Nose to the grindstone. The American dream will be yours one day. One day the sun will rise and you will bloom into who you should have been all along. You’ve only been playing a character so far. This can’t be your life. This can’t be my life.

I want to go home.

The world will keep turning without you. Who needs you? No one. This sunrise isn’t for you. Blink and you can be replaced. No one would miss you.

Footsteps in the hallway feel like weights settling around my feet, dragging me under. The sun was risen and it was time to start another day.

“Mama?” A small voice and its small little arms wrap around me. One more day. He brings me out of my room. I can do this. One of his small steps at time. I can do this again.

I would do this again. And again. And again.

But one day, the sunrise would be mine.

5

Pope-Francisco t1_jecqvgw wrote

It never occurred to me how much it would hurt to not feed. And not the normal type of feeding, I’ve eaten plenty of food.
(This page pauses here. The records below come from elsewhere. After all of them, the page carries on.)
(* Fix constants $c,C,s_0,s_1,T>0$. Then there exists $N$ (depending only on these constants) such that the following holds for every $n\ge N$. Let $A$ be an $n\times n$ real symmetric positive definite matrix with diagonal entries $a_1<a_2<\dots<a_n$, satisfying $|a_k-a_l|\ge cn$ for $k\ne l$ and $r_k=\sum_{l\ne k}|A(k,l)|\le C$ for all $k$. Let $S$ be an $n\times n$ real symmetric matrix with $s_0\le S(k,k)\le s_1$ for all $k$ and $|S(k,l)|\le s_1/n$ for all $k\ne l$, and let $0<t\le T$. Let $\lambda_1\le\dots\le\lambda_n$ be the eigenvalues of $A$ and $\tilde\lambda_1\le\dots\le\tilde\lambda_n$ the eigenvalues of $A+tS$. Then $$\lambda_1\le\tilde\lambda_1\le\lambda_2\le\tilde\lambda_2\le\cdots\le\lambda_n\le\tilde\lambda_n.$$
   Context: This formalizes the setting "diagonal separation $\mathcal{O}(n)$, off-diagonal row sums $\mathcal{O}(1)$ for $A$; perturbation $S$ with off-diagonal entries $\mathcal{O}(1/n)$, positive diagonal entries $\mathcal{O}(1)$; $t>0$, $t=\mathcal{O}(1)$". *)

theory Defs
  imports "Jordan_Normal_Form.Char_Poly" "HOL-Library.Multiset"
begin

definition sym_mat :: "nat \<Rightarrow> real mat \<Rightarrow> bool" where
  "sym_mat n A \<longleftrightarrow> A \<in> carrier_mat n n \<and> transpose_mat A = A"

definition pos_def_mat :: "nat \<Rightarrow> real mat \<Rightarrow> bool" where
  "pos_def_mat n A \<longleftrightarrow> A \<in> carrier_mat n n \<and>
     (\<forall>x \<in> carrier_vec n. x \<noteq> 0\<^sub>v n \<longrightarrow> x \<bullet> (A *\<^sub>v x) > 0)"

(* Eigenvalues (roots of the characteristic polynomial, with algebraic multiplicity)
   listed in non-decreasing order. For a real symmetric n x n matrix this list has length n. *)
definition eigenvalues_sorted :: "real mat \<Rightarrow> real list" where
  "eigenvalues_sorted A = sorted_list_of_multiset (proots (char_poly A))"

end

theory Submission
  imports Defs
begin
(* Let $P$ be a finite poset, $\mathfrak{m}=(x_p)_{p\in P}\subseteq k[x_P]$ and $d\ge2$. Then $\mathfrak{m}^d$ is $P$-stable if and only if $P$ is a disjoint union of posets whose Hasse diagrams are rooted trees with the roots on top.
   Context: $k$ is a field and $k[x_P]$ the polynomial ring in variables $x_p$, $p\in P$. A rooted tree with the root on top means a connected poset whose Hasse diagram is a tree and which has a unique maximal element (the root). For $b\in P$, a $b$-chain is a multichain $C: p_1\le\dots\le p_r$ with $p_r\le b$; its length is $r$ and $m_C=\prod x_{p_i}$; $C$ is in a monomial $m$ if $m_C\mid m$; it is a longest $b$-chain in $m$ if no $b$-chain in $m$ is longer; it goes through $a$ if $a\le b$ and $a$ is comparable to every $p_i$. For an antichain $B$, $m_B=\prod_{b\in B}x_b$. A monomial ideal $I$ is $P$-stable if whenever $m=n\,m_B\in I$ ($n$ a monomial, $B$ an antichain) and $a\in P$ is such that for each $b\in B$ some longest $b$-chain in $m$ goes through $a$, then $n\,x_a\in I$. *)

theory Defs
  imports "HOL-Library.Multiset"
begin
At some point, I couldn’t hold in my urges much longer, driving me to search out in the city at night. I went my usual route & found myself a sleeping homeless person. I hunched down & gripped their shoulder. I then began to inhale the sweet invisible thick vapor rising from their head. Once I was finished I left as quick as a came. I hope I didn’t take anything too important to them. Even then, I couldn’t careless after getting my fill. I remembered why I do this, what the costs are if I don’t, if I stopped I wouldn’t even be able to remember that I could do this.